(* If $(X,\delta)$ is an $L_1$-embeddable diversity with induced metric $d(a,b)=\delta(\{a,b\})$, then for every finite $A=\{a_1,\dots,a_k\}\subseteq X$ (with $a_i$ distinct), \[ (|A|-1)\,\delta(A)\le\sum_{1\le i<j\le k}d(a_i,a_j). \]
   Context: A diversity on a set $X$ is a function $\delta$ from finite subsets of $X$ to $\mathbb{R}$ with $\delta(A)\ge 0$, $\delta(A)=0$ whenever $|A|\le 1$ (values $0$ on larger sets are allowed), and $\delta(A\cup B)+\delta(B\cup C)\ge\delta(A\cup C)$ for all finite $A,B,C$ with $B\neq\emptyset$. For a measure space $(\Omega,\mathcal{A},\mu)$, the $L_1$ diversity is $(L_1(\Omega,\mu),\delta_1)$ with $\delta_1(F)=\int_\Omega\max\{|f(\omega)-g(\omega)|:f,g\in F\}\,d\mu(\omega)$ for finite $F$. A diversity $(X,\delta)$ is $L_1$-embeddable if there is a map $\phi$ from $X$ into some $L_1$ diversity with $\delta_1(\phi(A))=\delta(A)$ for all finite $A\subseteq X$. *)

theory Defs
  imports "HOL-Analysis.Analysis"
begin

definition diversity :: "'a set \<Rightarrow> ('a set \<Rightarrow> real) \<Rightarrow> bool" where
  "diversity X \<delta> \<longleftrightarrow>
     (\<forall>A. A \<subseteq> X \<and> finite A \<longrightarrow> \<delta> A \<ge> 0) \<and>
     (\<forall>A. A \<subseteq> X \<and> finite A \<and> card A \<le> 1 \<longrightarrow> \<delta> A = 0) \<and>
     (\<forall>A B C. A \<subseteq> X \<and> B \<subseteq> X \<and> C \<subseteq> X \<and> finite A \<and> finite B \<and> finite C \<and> B \<noteq> {}
        \<longrightarrow> \<delta> (A \<union> C) \<le> \<delta> (A \<union> B) + \<delta> (B \<union> C))"

text \<open>The L1 diversity on integrable functions of a measure space M
  (elements of L1 represented by integrable functions).\<close>
definition L1_diversity :: "'b measure \<Rightarrow> ('b \<Rightarrow> real) set \<Rightarrow> real" where
  "L1_diversity M F =
     (if F = {} then 0
      else integral\<^sup>L M (\<lambda>\<omega>. Max {\<bar>f \<omega> - g \<omega>\<bar> | f g. f \<in> F \<and> g \<in> F}))"

definition L1_embedding :: "'a set \<Rightarrow> ('a set \<Rightarrow> real) \<Rightarrow> 'b measure \<Rightarrow> ('a \<Rightarrow> 'b \<Rightarrow> real) \<Rightarrow> bool" where
  "L1_embedding X \<delta> M \<phi> \<longleftrightarrow>
     (\<forall>x\<in>X. integrable M (\<phi> x)) \<and>
     (\<forall>A. A \<subseteq> X \<and> finite A \<longrightarrow> L1_diversity M (\<phi> ` A) = \<delta> A)"

definition induced_metric :: "('a set \<Rightarrow> real) \<Rightarrow> 'a \<Rightarrow> 'a \<Rightarrow> real" where
  "induced_metric \<delta> a b = \<delta> {a, b}"

end

theory Submission
  imports Defs
begin

text \<open>Under an L1 embedding, \<open>\<delta>(A)\<close> is the integral of the pointwise spread
  \<open>max - min\<close> of the values \<open>\<phi>(a) \<omega>\<close>, \<open>a \<in> A\<close>, and each \<open>d(a\<^sub>i, a\<^sub>j)\<close> is the
  integral of \<open>\<bar>\<phi>(a\<^sub>i) \<omega> - \<phi>(a\<^sub>j) \<omega>\<bar>\<close>. So it suffices to show, for real numbers
  \<open>x\<^sub>1, \<dots>, x\<^sub>k\<close>, that \<open>(k - 1) (max x - min x) \<le> \<Sum>\<^sub>i\<^sub><\<^sub>j \<bar>x\<^sub>i - x\<^sub>j\<bar>\<close>, and
  integrate. For the real inequality, adding a point \<open>y\<close> to \<open>k\<close> points enlarges the
  spread by the distance \<open>D\<close> of \<open>y\<close> to their range; the new distances \<open>\<bar>x\<^sub>i - y\<bar>\<close>
  are each at least \<open>D\<close>, and the two to the extreme points add up to the old spread
  plus \<open>2 D\<close>.\<close>

lemma sum_upper_triangle_Suc:
  fixes f :: "nat \<Rightarrow> nat \<Rightarrow> 'a::comm_monoid_add"
  shows "(\<Sum>i\<in>{1..Suc k}. \<Sum>j\<in>{i<..Suc k}. f i j)
       = (\<Sum>i\<in>{1..k}. \<Sum>j\<in>{i<..k}. f i j) + (\<Sum>i\<in>{1..k}. f i (Suc k))"
proof -
  have "(\<Sum>i\<in>{1..Suc k}. \<Sum>j\<in>{i<..Suc k}. f i j) = (\<Sum>i\<in>{1..k}. \<Sum>j\<in>{i<..Suc k}. f i j)"
    by (simp add: sum.cl_ivl_Suc)
  also have "\<dots> = (\<Sum>i\<in>{1..k}. (\<Sum>j\<in>{i<..k}. f i j) + f i (Suc k))"
  proof (rule sum.cong)
    fix i assume "i \<in> {1..k}"
    then have "{i<..Suc k} = insert (Suc k) {i<..k}" by auto
    then show "(\<Sum>j\<in>{i<..Suc k}. f i j) = (\<Sum>j\<in>{i<..k}. f i j) + f i (Suc k)"
      by (simp add: add.commute)
  qed simp
  finally show ?thesis by (simp add: sum.distrib)
qed

lemma sum_abs_diff_ge_spread_extension:
  fixes x :: "'i \<Rightarrow> real"
  assumes "finite I" "I \<noteq> {}"
  defines "M \<equiv> Max (x ` I)" and "m \<equiv> Min (x ` I)"
  shows "(M - m) + real (card I) * (max y M - min y m - (M - m)) \<le> (\<Sum>i\<in>I. \<bar>x i - y\<bar>)"
proof -
  define D where "D = max y M - min y m - (M - m)"
  have fin: "finite (x ` I)" "x ` I \<noteq> {}" using assms by auto
  have range: "m \<le> x i \<and> x i \<le> M" if "i \<in> I" for i
    using that fin by (auto simp: M_def m_def)
  have D_le: "D \<le> \<bar>x i - y\<bar>" if "i \<in> I" for i
    using range[OF that] by (auto simp: D_def)
  obtain p where p: "p \<in> I" "x p = M" using Max_in[OF fin] by (auto simp: M_def)
  obtain q where q: "q \<in> I" "x q = m" using Min_in[OF fin] by (auto simp: m_def)
  show ?thesis
  proof (cases "p = q")
    case True
    then have "M = m" using p q by simp
    moreover have "real (card I) * D \<le> (\<Sum>i\<in>I. \<bar>x i - y\<bar>)"
      using D_le by (intro sum_bounded_below) auto
    ultimately show ?thesis by (simp add: D_def)
  next
    case False
    have extremes: "\<bar>x p - y\<bar> + \<bar>x q - y\<bar> = (M - m) + 2 * D"
      using p q range[OF p(1)] by (auto simp: D_def)
    have "card {p, q} \<le> card I"
      using p q assms(1) by (intro card_mono) auto
    then have card_rest: "real (card (I - {p, q})) = real (card I) - 2"
      using False p q assms(1) by (simp add: card_Diff_subset of_nat_diff)
    have rest: "real (card (I - {p, q})) * D \<le> (\<Sum>i\<in>I - {p, q}. \<bar>x i - y\<bar>)"
      using D_le by (intro sum_bounded_below) auto
    have "(\<Sum>i\<in>I. \<bar>x i - y\<bar>) = (\<Sum>i\<in>I - {p, q}. \<bar>x i - y\<bar>) + (\<Sum>i\<in>{p, q}. \<bar>x i - y\<bar>)"
      using p q assms(1) by (intro sum.subset_diff) auto
    with False have "(\<Sum>i\<in>I. \<bar>x i - y\<bar>)
        = \<bar>x p - y\<bar> + \<bar>x q - y\<bar> + (\<Sum>i\<in>I - {p, q}. \<bar>x i - y\<bar>)"
      by simp
    moreover have "real (card I) * D = real (card (I - {p, q})) * D + 2 * D"
      unfolding card_rest by (simp add: algebra_simps)
    ultimately show ?thesis
      using extremes rest unfolding D_def[symmetric] by linarith
  qed
qed

lemma spread_le_sum_pairwise_abs_diff:
  fixes x :: "nat \<Rightarrow> real"
  assumes "1 \<le> k"
  shows "(real k - 1) * (Max (x ` {1..k}) - Min (x ` {1..k}))
           \<le> (\<Sum>i\<in>{1..k}. \<Sum>j\<in>{i<..k}. \<bar>x i - x j\<bar>)"
  using assms
proof (induction k)
  case 0
  then show ?case by simp
next
  case (Suc k)
  show ?case
  proof (cases "k = 0")
    case True
    then show ?thesis by simp
  next
    case False
    define M where "M = Max (x ` {1..k})"
    define m where "m = Min (x ` {1..k})"
    define y where "y = x (Suc k)"
    have IH: "(real k - 1) * (M - m) \<le> (\<Sum>i\<in>{1..k}. \<Sum>j\<in>{i<..k}. \<bar>x i - x j\<bar>)"
      using Suc.IH False by (simp add: M_def m_def)
    have "x ` {1..Suc k} = insert y (x ` {1..k})"
      by (auto simp: atLeastAtMostSuc_conv y_def)
    then have spread: "Max (x ` {1..Suc k}) - Min (x ` {1..Suc k}) = max y M - min y m"
      using False by (simp add: M_def m_def)
    have new_pairs: "(M - m) + real k * (max y M - min y m - (M - m)) \<le> (\<Sum>i\<in>{1..k}. \<bar>x i - y\<bar>)"
      using sum_abs_diff_ge_spread_extension[of "{1..k}" x y] False
      by (simp add: M_def m_def)
    have "(real (Suc k) - 1) * (max y M - min y m)
        = (real k - 1) * (M - m) + ((M - m) + real k * (max y M - min y m - (M - m)))"
      by (simp add: algebra_simps)
    moreover have "(\<Sum>i\<in>{1..Suc k}. \<Sum>j\<in>{i<..Suc k}. \<bar>x i - x j\<bar>)
        = (\<Sum>i\<in>{1..k}. \<Sum>j\<in>{i<..k}. \<bar>x i - x j\<bar>) + (\<Sum>i\<in>{1..k}. \<bar>x i - y\<bar>)"
      unfolding sum_upper_triangle_Suc y_def ..
    ultimately show ?thesis
      unfolding spread using IH new_pairs by linarith
  qed
qed

lemma Max_abs_diff_eq_Max_minus_Min:
  fixes x :: "'i \<Rightarrow> real"
  assumes "finite I" "I \<noteq> {}"
  shows "Max {\<bar>x i - x j\<bar> | i j. i \<in> I \<and> j \<in> I} = Max (x ` I) - Min (x ` I)"
proof (rule Max_eqI)
  have "{\<bar>x i - x j\<bar> | i j. i \<in> I \<and> j \<in> I} = (\<lambda>(i, j). \<bar>x i - x j\<bar>) ` (I \<times> I)" by auto
  then show "finite {\<bar>x i - x j\<bar> | i j. i \<in> I \<and> j \<in> I}" using assms by simp
next
  fix z assume "z \<in> {\<bar>x i - x j\<bar> | i j. i \<in> I \<and> j \<in> I}"
  then obtain i j where ij: "i \<in> I" "j \<in> I" "z = \<bar>x i - x j\<bar>" by blast
  have "x i \<le> Max (x ` I)" "x j \<le> Max (x ` I)" "Min (x ` I) \<le> x i" "Min (x ` I) \<le> x j"
    using ij assms by auto
  then show "z \<le> Max (x ` I) - Min (x ` I)" using ij by linarith
next
  have fin: "finite (x ` I)" "x ` I \<noteq> {}" using assms by auto
  obtain p where p: "p \<in> I" "x p = Max (x ` I)" using Max_in[OF fin] by auto
  obtain q where q: "q \<in> I" "x q = Min (x ` I)" using Min_in[OF fin] by auto
  have "Min (x ` I) \<le> Max (x ` I)" using Min_le[OF fin(1) imageI[OF p(1)]] p(2) by simp
  then have "Max (x ` I) - Min (x ` I) = \<bar>x p - x q\<bar>" using p q by simp
  then show "Max (x ` I) - Min (x ` I) \<in> {\<bar>x i - x j\<bar> | i j. i \<in> I \<and> j \<in> I}"
    using p q by blast
qed

lemma L1_diversity_image:
  fixes f :: "'i \<Rightarrow> 'b \<Rightarrow> real"
  assumes "finite I" "I \<noteq> {}"
  shows "L1_diversity M (f ` I)
           = integral\<^sup>L M (\<lambda>\<omega>. Max ((\<lambda>i. f i \<omega>) ` I) - Min ((\<lambda>i. f i \<omega>) ` I))"
proof -
  have "{\<bar>g \<omega> - h \<omega>\<bar> | g h. g \<in> f ` I \<and> h \<in> f ` I}
      = {\<bar>f i \<omega> - f j \<omega>\<bar> | i j. i \<in> I \<and> j \<in> I}" for \<omega>
    by blast
  then show ?thesis
    using assms Max_abs_diff_eq_Max_minus_Min[OF assms, of "\<lambda>i. f i _"]
    by (simp add: L1_diversity_def)
qed

lemma L1_diversity_pair: "L1_diversity M {u, v} = integral\<^sup>L M (\<lambda>\<omega>. \<bar>u \<omega> - v \<omega>\<bar>)"
proof -
  have "(\<lambda>\<omega>. max (u \<omega>) (v \<omega>) - min (u \<omega>) (v \<omega>)) = (\<lambda>\<omega>. \<bar>u \<omega> - v \<omega>\<bar>)"
    by (auto simp: max_def min_def)
  then show ?thesis
    using L1_diversity_image[of "{u, v}" M "\<lambda>g. g"] by simp
qed

lemma integral_scaled_le_integral:
  fixes f g :: "'b \<Rightarrow> real"
  assumes "integrable M g" "\<And>\<omega>. c * f \<omega> \<le> g \<omega>" "\<And>\<omega>. 0 \<le> g \<omega>"
  shows "c * integral\<^sup>L M f \<le> integral\<^sup>L M g"
proof (cases "integrable M f")
  case True
  then have "c * integral\<^sup>L M f = integral\<^sup>L M (\<lambda>\<omega>. c * f \<omega>)" by simp
  also have "\<dots> \<le> integral\<^sup>L M g"
    using True assms by (intro integral_mono) auto
  finally show ?thesis .
next
  case False
  then show ?thesis using assms(3) by (simp add: not_integrable_integral_eq)
qed

lemma integral_double_sum:
  fixes f :: "'i \<Rightarrow> 'j \<Rightarrow> 'b \<Rightarrow> real"
  assumes "\<And>i j. i \<in> I \<Longrightarrow> j \<in> J i \<Longrightarrow> integrable M (f i j)"
  shows "integral\<^sup>L M (\<lambda>\<omega>. \<Sum>i\<in>I. \<Sum>j\<in>J i. f i j \<omega>) = (\<Sum>i\<in>I. \<Sum>j\<in>J i. integral\<^sup>L M (f i j))"
proof -
  have "integral\<^sup>L M (\<lambda>\<omega>. \<Sum>i\<in>I. \<Sum>j\<in>J i. f i j \<omega>) = (\<Sum>i\<in>I. integral\<^sup>L M (\<lambda>\<omega>. \<Sum>j\<in>J i. f i j \<omega>))"
    using assms by (intro Bochner_Integration.integral_sum Bochner_Integration.integrable_sum) auto
  also have "\<dots> = (\<Sum>i\<in>I. \<Sum>j\<in>J i. integral\<^sup>L M (f i j))"
    using assms by (intro sum.cong refl Bochner_Integration.integral_sum) auto
  finally show ?thesis .
qed

lemma L1_embedding_eq:
  assumes "L1_embedding X \<delta> M \<phi>" "A \<subseteq> X" "finite A"
  shows "\<delta> A = L1_diversity M (\<phi> ` A)"
  using assms by (simp add: L1_embedding_def)

lemma L1_embedding_induced_metric:
  assumes "L1_embedding X \<delta> M \<phi>" "x \<in> X" "y \<in> X"
  shows "induced_metric \<delta> x y = integral\<^sup>L M (\<lambda>\<omega>. \<bar>\<phi> x \<omega> - \<phi> y \<omega>\<bar>)"
  using L1_embedding_eq[OF assms(1), of "{x, y}"] assms(2,3)
  by (simp add: induced_metric_def L1_diversity_pair)

lemma L1_embedding_spread:
  assumes "L1_embedding X \<delta> M \<phi>" "a ` I \<subseteq> X" "finite I" "I \<noteq> {}"
  shows "\<delta> (a ` I) = integral\<^sup>L M (\<lambda>\<omega>. Max ((\<lambda>i. \<phi> (a i) \<omega>) ` I) - Min ((\<lambda>i. \<phi> (a i) \<omega>) ` I))"
proof -
  have "\<delta> (a ` I) = L1_diversity M ((\<lambda>i. \<phi> (a i)) ` I)"
    using L1_embedding_eq[OF assms(1,2)] assms(3) by (simp add: image_image)
  also have "\<dots> = integral\<^sup>L M (\<lambda>\<omega>. Max ((\<lambda>i. \<phi> (a i) \<omega>) ` I) - Min ((\<lambda>i. \<phi> (a i) \<omega>) ` I))"
    using assms(3,4) by (rule L1_diversity_image)
  finally show ?thesis .
qed

theorem proposition6:
  fixes X :: "'a set" and \<delta> :: "'a set \<Rightarrow> real"
    and M :: "'b measure" and \<phi> :: "'a \<Rightarrow> 'b \<Rightarrow> real"
    and a :: "nat \<Rightarrow> 'a" and k :: nat
  assumes "diversity X \<delta>"
    and "L1_embedding X \<delta> M \<phi>"
    and "a ` {1..k} \<subseteq> X"
    and "inj_on a {1..k}"
  shows "(real (card (a ` {1..k})) - 1) * \<delta> (a ` {1..k})
           \<le> (\<Sum>i\<in>{1..k}. \<Sum>j\<in>{i<..k}. induced_metric \<delta> (a i) (a j))"
proof (cases "k = 0")
  case True
  then show ?thesis using L1_embedding_eq[OF assms(2), of "{}"] by (simp add: L1_diversity_def)
next
  case False
  have aX: "a i \<in> X" if "i \<in> {1..k}" for i
    using assms(3) that by auto
  define d where "d i j = (\<lambda>\<omega>. \<bar>\<phi> (a i) \<omega> - \<phi> (a j) \<omega>\<bar>)" for i j
  have d_integrable: "integrable M (d i j)" if "i \<in> {1..k}" "j \<in> {i<..k}" for i j
    using that aX assms(2) unfolding d_def L1_embedding_def
    by (intro integrable_abs Bochner_Integration.integrable_diff) auto
  define s where "s \<omega> = Max ((\<lambda>i. \<phi> (a i) \<omega>) ` {1..k}) - Min ((\<lambda>i. \<phi> (a i) \<omega>) ` {1..k})" for \<omega>
  have \<delta>_spread: "\<delta> (a ` {1..k}) = integral\<^sup>L M s"
    unfolding s_def using False by (intro L1_embedding_spread[OF assms(2,3)]) auto
  have pointwise: "(real k - 1) * s \<omega> \<le> (\<Sum>i\<in>{1..k}. \<Sum>j\<in>{i<..k}. d i j \<omega>)" for \<omega>
    using spread_le_sum_pairwise_abs_diff[of k "\<lambda>i. \<phi> (a i) \<omega>"] False by (simp add: s_def d_def)
  have "integrable M (\<lambda>\<omega>. \<Sum>i\<in>{1..k}. \<Sum>j\<in>{i<..k}. d i j \<omega>)"
    using d_integrable by (intro Bochner_Integration.integrable_sum) auto
  then have "(real k - 1) * \<delta> (a ` {1..k}) \<le> integral\<^sup>L M (\<lambda>\<omega>. \<Sum>i\<in>{1..k}. \<Sum>j\<in>{i<..k}. d i j \<omega>)"
    unfolding \<delta>_spread by (rule integral_scaled_le_integral[OF _ pointwise]) (simp add: d_def sum_nonneg)
  also have "\<dots> = (\<Sum>i\<in>{1..k}. \<Sum>j\<in>{i<..k}. integral\<^sup>L M (d i j))"
    by (rule integral_double_sum) (rule d_integrable)
  also have "\<dots> = (\<Sum>i\<in>{1..k}. \<Sum>j\<in>{i<..k}. induced_metric \<delta> (a i) (a j))"
    using aX by (intro sum.cong refl) (simp add: L1_embedding_induced_metric[OF assms(2)] d_def)
  finally show ?thesis
    using assms(4) by (simp add: card_image)
qed

end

= EXERCISE DETAILS =
All that belongs in the answer is the run of lines above from the line containing "measure \<Rightarrow> ('b" through the line containing "(\<forall>x\<in>X. integrable M", exactly as written.

= ANSWER BOX =
definition L1_diversity :: "'b measure \<Rightarrow> ('b \<Rightarrow> real) set \<Rightarrow> real" where
  "L1_diversity M F =
     (if F = {} then 0
      else integral\<^sup>L M (\<lambda>\<omega>. Max {\<bar>f \<omega> - g \<omega>\<bar> | f g. f \<in> F \<and> g \<in> F}))"

definition L1_embedding :: "'a set \<Rightarrow> ('a set \<Rightarrow> real) \<Rightarrow> 'b measure \<Rightarrow> ('a \<Rightarrow> 'b \<Rightarrow> real) \<Rightarrow> bool" where
  "L1_embedding X \<delta> M \<phi> \<longleftrightarrow>
     (\<forall>x\<in>X. integrable M (\<phi> x)) \<and>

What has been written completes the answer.